Cluster scores

A pairwise connection is a pair of matching records within a block that have an initial score above threshold. Each pairwise connection within a block is scored, after which all pairwise connections that scored above threshold represent a single, unique individual.

A score is assigned to every pairwise connection. The score is measured in two parts, separated by a period.

The first part–the record pair score–correlates to the match category, which is a machine learning classifier that is applied by Amperity to individual record pairs. The record pair score corresponds to the classification: 5 for exact matches, 4 for excellent matches, 3 for high matches, 2 for moderate matches, 1 for weak matches, and 0 for no conflicts.

The second part–the record pair strength–is used by Stitch to help determine the quality of the record pair score. This value appears in the Stitch report as a two decimal number. A record pair strength by itself is not a direct indicator of the quality of a pairwise connection score.

Use this query to investigate pairwise comparison scores for an individual cluster or for a set of clusters.

When to use

  1. Run this query to investigate pairwise scores.

  2. Identify the Amperity IDs each cluster to be investigated and update the query with those IDs.

Configure query

  1. From the Queries page, open the Stitch QA folder, and then select this query.

    Tip

    Add the Stitch QA queries template folder if it does not already exist.

  2. The query selects a subset of the fields in the Unified Coalesced table by default. You may adjust this list up to (and including) selecting all fields.

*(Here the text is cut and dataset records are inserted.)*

lemma polyfun_deg_mult:
  fixes p q :: "'k::field^'n::finite \<Rightarrow> 'k"
  assumes "p \<in> polyfun_deg m" "q \<in> polyfun_deg m'"
  shows "(\<lambda>x. p x * q x) \<in> polyfun_deg (m + m')"
proof -
  obtain c where p: "p = (\<lambda>x. \<Sum>\<alpha>\<in>{\<alpha>. tdeg \<alpha> \<le> m}. c \<alpha> * monom_fun \<alpha> x)"
    using polyfun_degE[OF assms(1)] .
  obtain d where q: "q = (\<lambda>x. \<Sum>\<alpha>\<in>{\<alpha>. tdeg \<alpha> \<le> m'}. d \<alpha> * monom_fun \<alpha> x)"
    using polyfun_degE[OF assms(2)] .
  define S where "S = {\<alpha>::'n\<Rightarrow>nat. tdeg \<alpha> \<le> m} \<times> {\<alpha>::'n\<Rightarrow>nat. tdeg \<alpha> \<le> m'}"
  have "(\<lambda>x. p x * q x)
      = (\<lambda>x. \<Sum>s\<in>S. (c (fst s) * d (snd s)) * monom_fun (\<lambda>i. fst s i + snd s i) x)"
    unfolding p q sum_product sum.cartesian_product S_def
    by (intro ext sum.cong) (auto simp: mult_ac monom_fun_add)
  also have "\<dots> \<in> polyfun_deg (m + m')"
    by (rule polyfun_deg_sum_monoms) (auto simp: S_def tdeg_add finite_tdeg_le)
  finally show ?thesis .
qed

lemma polyfun_deg_polyfun: "p \<in> polyfun_deg m \<Longrightarrow> p \<in> polyfun"
  unfolding polyfun_def by blast

lemma polyfun_add:
  assumes "p \<in> polyfun" "q \<in> polyfun"
  shows "(\<lambda>x. p x + q x) \<in> polyfun"
proof -
  obtain a b where "p \<in> polyfun_deg a" "q \<in> polyfun_deg b"
    using assms unfolding polyfun_def by blast
  hence "p \<in> polyfun_deg (max a b)" "q \<in> polyfun_deg (max a b)"
    using polyfun_deg_mono[of a "max a b" p] polyfun_deg_mono[of b "max a b" q] by auto
  thus ?thesis by (blast intro: polyfun_deg_polyfun polyfun_deg_add)
qed

lemma polyfun_mult: "p \<in> polyfun \<Longrightarrow> q \<in> polyfun \<Longrightarrow> (\<lambda>x. p x * q x) \<in> polyfun"
  unfolding polyfun_def by (auto intro: polyfun_deg_mult)

lemma polyfun_const: "(\<lambda>_. c) \<in> polyfun"
  using polyfun_deg_polyfun[OF polyfun_deg_const] .

lemma polyfun_monom: "monom_fun \<alpha> \<in> polyfun"
  using polyfun_deg_polyfun[OF polyfun_deg_monom[OF order_refl]] .

lemma polyfun_coord: "(\<lambda>x::'k::field^'n::finite. x $ i) \<in> polyfun"
  using polyfun_monom[of "unit_exp i"] by (simp add: monom_fun_unit_exp)

lemma polyfun_smult: "p \<in> polyfun \<Longrightarrow> (\<lambda>x. a * p x) \<in> polyfun"
  using polyfun_mult[OF polyfun_const] by blast

lemma polyfun_diff: "p \<in> polyfun \<Longrightarrow> q \<in> polyfun \<Longrightarrow> (\<lambda>x. p x - q x) \<in> polyfun"
  using polyfun_add[of p "\<lambda>x. (-1) * q x"] polyfun_smult[of q "-1"] by simp

lemma polyfun_sum_monoms: "finite T \<Longrightarrow> (\<lambda>x. \<Sum>t\<in>T. c t * monom_fun t x) \<in> polyfun"
  by (rule polyfun_deg_polyfun, rule polyfun_deg_sum_monoms[where m = "Max (tdeg ` T)"]) auto

lemma polyfun_deg_split_low_high:
  fixes p :: "'k::field^'n::finite \<Rightarrow> 'k"
  assumes "r \<le> m" "p \<in> polyfun_deg d"
  obtains q c T where "q \<in> polyfun_deg m" "finite T" "\<forall>t\<in>T. r \<le> tdeg t \<and> tdeg t \<le> d"
    "p = (\<lambda>x. q x + (\<Sum>t\<in>T. c t * monom_fun t x))"
proof -
  obtain c where p: "p = (\<lambda>x. \<Sum>\<alpha>\<in>{\<alpha>. tdeg \<alpha> \<le> d}. c \<alpha> * monom_fun \<alpha> x)"
    using polyfun_degE[OF assms(2)] .
  define Low :: "('n \<Rightarrow> nat) set" where "Low = {\<alpha>. tdeg \<alpha> \<le> d \<and> tdeg \<alpha> < r}"
  define High :: "('n \<Rightarrow> nat) set" where "High = {\<alpha>. tdeg \<alpha> \<le> d \<and> r \<le> tdeg \<alpha>}"
  have fin: "finite Low" "finite High"
    unfolding Low_def High_def by (auto intro: finite_subset[OF _ finite_tdeg_le])
  have "{\<alpha>. tdeg \<alpha> \<le> d} = Low \<union> High" "Low \<inter> High = {}"
    unfolding Low_def High_def by auto
  hence "p = (\<lambda>x. (\<Sum>\<alpha>\<in>Low. c \<alpha> * monom_fun \<alpha> x) + (\<Sum>t\<in>High. c t * monom_fun t x))"
    unfolding p by (simp add: sum.union_disjoint[OF fin])
  moreover have "(\<lambda>x. \<Sum>\<alpha>\<in>Low. c \<alpha> * monom_fun \<alpha> x) \<in> polyfun_deg m"
    using polyfun_deg_sum_monoms[OF fin(1), where e = "\<lambda>\<alpha>. \<alpha>" and m = m and c = c] assms(1) by (auto simp: Low_def)
  ultimately show thesis
    using that fin(2) unfolding High_def by blast
qed

section \<open>Irreducible components\<close>

lemma zclosed_zero_locus: "g \<in> polyfun \<Longrightarrow> zclosed {x. g x = 0}"
  unfolding zclosed_def zero_set_def by (rule exI[of _ "{g}"]) auto

lemma zclosed_singleton: "zclosed {x::'k::field^'n::finite}"
proof -
  define S where "S = range (\<lambda>i. \<lambda>y::'k^'n. y $ i - x $ i)"
  have "S \<subseteq> polyfun"
    unfolding S_def using polyfun_diff[OF polyfun_coord polyfun_const] by blast
  moreover have "{x} = zero_set S"
    unfolding S_def zero_set_def by (auto simp: vec_eq_iff)
  ultimately show ?thesis unfolding zclosed_def by blast
qed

  3. The query is configured for a single Amperity ID. Replace amp_id with an Amperity ID:

    FROM Unified_Coalesced uc1
    JOIN unified_coalesced uc2
    ON uc1.amperity_id = uc2.amperity_id
    AND uc1.amperity_id = amp_id
    JOIN Unified_Scores us
    ON uc1.amperity_id = us.amperity_id
    AND uc1.pk = us.pk1
    AND uc2.pk = us.pk2
    
  4. To run the query for multiple Amperity IDs, update the query to input a list of IDs, and then replace each amp_id with an Amperity ID:

    FROM Unified_Coalesced uc1
    JOIN unified_coalesced uc2
    ON uc1.amperity_id = uc2.amperity_id
    AND uc1.amperity_id IN (amp_id, amp_id, amp_id, ...)
    JOIN Unified_Scores us
    ON uc1.amperity_id = us.amperity_id
    AND uc1.pk = us.pk1
    AND uc2.pk = us.pk2
    
  5. Click Run Query and debug any issues that may arise.

  6. Click Activate.